Хотя на самом деле, как я уже говорил, Зельда сама перестала мне звонить.
Но я заставлю окружающих поверить, что это было мое решение.
Тем самым, я докажу им как сильно изменился, каким здоровеньким стал.
Итак, я направляюсь в нашу зону для курения, поплотнее кутаясь в одолженную толстовку и куртку, защищаясь от сильных порывов ветра пустыни. Единственные мои штаны — это узкие брюки-клеш, доставшиеся от почти-что-бывшей подружки.
Лишь добравшись до Аризоны, я обнаружил, что сумка забита нарядами Зельды. Не стоило, пожалуй, доверять ей сборы.
Как бы то ни было, когда я добираюсь до зоны курения, то вижу там только Джонатана. Совсем забыл, что очередное групповое занятие начнется буквально через пару минут.
С Джонатаном мы успели неплохо сдружиться. Он музыкант, ему уже за сорок и у него необычное лицо (тут дело в том, что он попал в автомобильную аварию, когда был подростком и родители вынудили его сделать целую уйму пластических операций, убеждая, что это совершенно необходимо, хотя на самом деле им просто не нравилось как он выглядел). Достигнув совершеннолетия, Джонатан серьезно подсел на кокаин и стал алкоголиком. Но сейчас он «чист».
Черт, да для этого реабилитационного центра он стал лучшей рекламой, парнем с плакатов.
Меня он почему-то воспринимает, как какого-то милого питомца, убежден, что может меня спасти (что бы под этим не подразумевалось).
Так вот, Джонатан здесь, в курительной зоне, сидит, скрестив ноги на той грязной рухляди, в которой раньше можно было опознать белый пластиковый стул.
Он одаривает меня широкой улыбкой. В его темных очках далекий свет солнца отражается таким образом, что кажется будто по их стеклам во все стороны растекаются черные чернила.
— Привет, братишка! — говорит он. Его техасский акцент звучит как самопародия. — Придешь на занятия, а?
Я киваю.
— Конечно.
Он протягивает мне сигарету еще до того, как я прошу об этом (что собирался сделать).
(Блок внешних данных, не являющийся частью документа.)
(* Let $(E,\mu)$ and $(F,\nu)$ be fuzzy Riesz spaces and $T:E\rightarrow F$ a fuzzy Riesz homomorphism. If $I_z$ is the fuzzy principal ideal in $E$ generated by an element $z\in E^+$, then $T(I_z)$ is the fuzzy principal ideal in $T(E)$ generated by $Tz$.
   Context: A fuzzy order on a real vector space $E$ is a map $\mu:E\times E\to[0,1]$ with $\mu(x,x)=1$; $\mu(x,y)+\mu(y,x)>1$ implies $x=y$; and $\mu(x,z)\ge\sup_{y}\min(\mu(x,y),\mu(y,z))$. Write $x\le y$ for $\mu(x,y)>\frac12$; suprema/infima are taken with respect to this relation. $(E,\mu)$ is a fuzzy ordered linear space if $\mu(x_1,x_2)>\frac12$ implies $\mu(x_1,x_2)\le\mu(x_1+x,x_2+x)$ for all $x$ and $\mu(x_1,x_2)\le\mu(\alpha x_1,\alpha x_2)$ for all $\alpha>0$; it is a fuzzy Riesz space if $x\vee y=\sup\{x,y\}$ and $x\wedge y=\inf\{x,y\}$ exist for all $x,y$. $E^+=\{x: \mu(0,x)>\frac12\}$, $|x|=x\vee(-x)$. A fuzzy Riesz homomorphism is a linear map with $T(x\vee y)=Tx\vee Ty$; $T(E)$ is a fuzzy Riesz subspace of $F$ regarded as a fuzzy Riesz space with the restricted order. A fuzzy ideal is a vector subspace $A$ such that $\mu(|x|,|y|)>\frac12$ and $y\in A$ imply $x\in A$. The fuzzy principal ideal generated by $x$ is the smallest fuzzy ideal containing $x$. *)

theory Defs
  imports Complex_Main
begin

text \<open>Fuzzy orders on a carrier V (a vector subspace of a real vector space).
  For the whole space E one takes V = UNIV; for T(E) one takes V = range T with
  the restricted fuzzy order.\<close>

definition fuzzy_order_on :: "'a set \<Rightarrow> ('a \<Rightarrow> 'a \<Rightarrow> real) \<Rightarrow> bool" where
  "fuzzy_order_on V \<mu> \<longleftrightarrow>
     (\<forall>x\<in>V. \<forall>y\<in>V. 0 \<le> \<mu> x y \<and> \<mu> x y \<le> 1) \<and>
     (\<forall>x\<in>V. \<mu> x x = 1) \<and>
     (\<forall>x\<in>V. \<forall>y\<in>V. \<mu> x y + \<mu> y x > 1 \<longrightarrow> x = y) \<and>
     (\<forall>x\<in>V. \<forall>z\<in>V. (SUP y\<in>V. min (\<mu> x y) (\<mu> y z)) \<le> \<mu> x z)"

definition fle :: "('a \<Rightarrow> 'a \<Rightarrow> real) \<Rightarrow> 'a \<Rightarrow> 'a \<Rightarrow> bool" where
  "fle \<mu> x y \<longleftrightarrow> \<mu> x y > 1/2"

definition is_fsup_on :: "'a set \<Rightarrow> ('a \<Rightarrow> 'a \<Rightarrow> real) \<Rightarrow> 'a set \<Rightarrow> 'a \<Rightarrow> bool" where
  "is_fsup_on V \<mu> S s \<longleftrightarrow> s \<in> V \<and> (\<forall>x\<in>S. fle \<mu> x s) \<and>
     (\<forall>u\<in>V. (\<forall>x\<in>S. fle \<mu> x u) \<longrightarrow> fle \<mu> s u)"

definition is_finf_on :: "'a set \<Rightarrow> ('a \<Rightarrow> 'a \<Rightarrow> real) \<Rightarrow> 'a set \<Rightarrow> 'a \<Rightarrow> bool" where
  "is_finf_on V \<mu> S s \<longleftrightarrow> s \<in> V \<and> (\<forall>x\<in>S. fle \<mu> s x) \<and>
     (\<forall>u\<in>V. (\<forall>x\<in>S. fle \<mu> u x) \<longrightarrow> fle \<mu> u s)"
Практически все знают, что я на мели.
— Спасибо, чувак, — говорю я, поджигая безфильтровую сигарету «Camel», крепкую как черт знает что.
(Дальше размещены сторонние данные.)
text \<open>Lines with normals \<open>N1\<close>, \<open>N2\<close> and a common perpendicular \<open>PQ\<close>:
  eliminating \<open>Q\<close> from \<open>Q + t P \<in> span {N1}\<close> and \<open>P + t Q \<in> span {N2}\<close> gives the
  classical formula \<open>cosh d = |\<langle>N1, N2\<rangle>| / (|N1| |N2|)\<close>.\<close>

lemma mink_common_perp_normals:
  assumes P: "P \<in> hplane" and Q: "Q \<in> hplane" and "P \<noteq> Q"
    and tPQ: "tangent P Q = w *\<^sub>R N1" and tQP: "tangent Q P = u *\<^sub>R N2"
  shows "(mink P Q)\<^sup>2 * mink N1 N1 * mink N2 N2 = (mink N1 N2)\<^sup>2"
proof -
  define t where "t = mink P Q"
  have "w \<noteq> 0" "u \<noteq> 0"
    using tangent_neq_zero assms by fastforce+
  have Q_eq: "Q = w *\<^sub>R N1 - t *\<^sub>R P" and P_eq: "P = u *\<^sub>R N2 - t *\<^sub>R Q"
    using tPQ tQP unfolding tangent_def t_def by (auto simp: mink_commute[of Q P] algebra_simps)
  have "mink P N1 = 0" "mink Q N2 = 0"
    using mink_tangent_base[OF P, of Q] mink_tangent_base[OF Q, of P] tPQ tQP \<open>w \<noteq> 0\<close> \<open>u \<noteq> 0\<close>
    by auto
  have "mink Q N1 = w * mink N1 N1"
    by (subst Q_eq) (simp add: \<open>mink P N1 = 0\<close>)
  moreover have "mink P N2 = u * mink N2 N2"
    by (subst P_eq) (simp add: \<open>mink Q N2 = 0\<close>)
  moreover have "mink P N1 = u * mink N1 N2 - t * mink Q N1"
    by (subst P_eq) (simp add: mink_commute)
  moreover have "mink Q N2 = w * mink N1 N2 - t * mink P N2"
    by (subst Q_eq) simp
  ultimately have u_eq: "u * mink N1 N2 = t * w * mink N1 N1"
    and w_eq: "w * mink N1 N2 = t * u * mink N2 N2"
    using \<open>mink P N1 = 0\<close> \<open>mink Q N2 = 0\<close> by simp_all
  have "u * (mink N1 N2)\<^sup>2 = t * mink N1 N1 * (w * mink N1 N2)"
    using u_eq by (simp add: power2_eq_square algebra_simps)
  also have "\<dots> = u * (t\<^sup>2 * mink N1 N1 * mink N2 N2)"
    using w_eq by (simp add: power2_eq_square algebra_simps)
  finally show ?thesis
    using \<open>u \<noteq> 0\<close> unfolding t_def by simp
qed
Делаю пару затяжек, всматриваясь в чистое, холодное небо.
— Джонатан, — начинаю я, прочистив горло, — хочу сказать, что очень много думал о твоих словах. Ну, про ситуацию с моей подружкой.
Он перебивает меня, прежде чем я успеваю закончить, вскидывает руки, словно я какая-то собака, которой командуют: «Место».
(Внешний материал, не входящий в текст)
(*
  The integral term has a primitive F of \<omega> on the disc, so f = z / G with
  G z = 1 - z/p + lam z (F p - F z), and G has a simple zero at p.  Reading off the
  Laurent coefficient gives b0 = p (-1 + lam p^3 \<omega>'(p)/2) / (1 + lam p^2 \<omega>(p))^2.
  With r = |\<omega>(p)|, the Schwarz-Pick lemma gives |\<omega>'(p)| \<le> (1 - r^2)/(1 - p^2), and the
  triangle inequality bounds |b0| by b0_majorant lam p r, that is
    p/(2(1 - p^2)) (2 - 2p^2 + lam p^3 (1 - r^2)) / (1 - lam p^2 r)^2.
  On [0,1] this is largest at r = 1 when 2p^2 + p - 2 \<le> lam p^3, and otherwise at
  r = (lam p^3 - 2p^2 + 2)/p, where it equals the bound (iii).  Both values are attained,
  by functions with \<omega>(p) = -r and \<omega>'(p) = -(1 - r^2)/(1 - p^2): the constant -1 and the
  disc automorphism -(a + z)/(1 + a z) with (a + p)/(1 + a p) = r.
*)

theory Submission
  imports Defs
begin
— Эй-эй, а ну-ка перестань, — говорит он, мучительно растягивая каждое слово. — Решать тебе и только тебе. И что бы ты ни выбрал, я о тебе хуже думать не буду. Обещаю.
Я ковыряю носком старой кроссовки «Jack Purcell» красную сухую землю, поднимая при этом облако пыли и смотрю, как это облачко медленно дрейфует вверх, ненадолго зависая в воздухе. Ветер пока стих.
Свободной рукой я нервно почесываю ухо.
— Ну, — говорю я, слегка заикаясь, — решение я как раз принял. Положу всему этому конец. Если мы с Зельдой останемся вместе, то без срывов точно не обойдется. Теперь я это понимаю. К тому же, думаю, теперь я действительно осознал, что из себя представляли наши отношения. В смысле, ты был прав, мы точно просто использовали друг друга. По правде говоря, я сомневаюсь, что она способна кого-то любить. Знаешь… у меня такое чувство… как будто любить Зельду — это все равно, что любить черную дыру. Я так больше не могу. Пора с этим завязывать.
Я медленно протяжно вздыхаю.
Блядь.
Блядское блядство.
Джонатан поднимается со стула. Снимает темные очки. Я замечаю, как его зрачки сужаются, спасаясь от тусклого утреннего света.
Джонатан двигает головой вверх-вниз, вверх-вниз
— Начало положено, верно? Ну, братишка, я тобой очень горжусь, правда.
Взгляд его светло-голубых, почти прозрачных, глаз устремлен на меня и я не могу отвернуться.
— Чувак, — говорит он, — я отлично понимаю, как тяжело может быть отказаться от подобных нездоровых отношений. Черт, да мы с моей бывшей женой по-прежнему страдаем той же хуйней, что и десять лет назад. Друг мой, тебе чертовски повезло, что ты уже в двадцать три года учишься справляться с этим дерьмом.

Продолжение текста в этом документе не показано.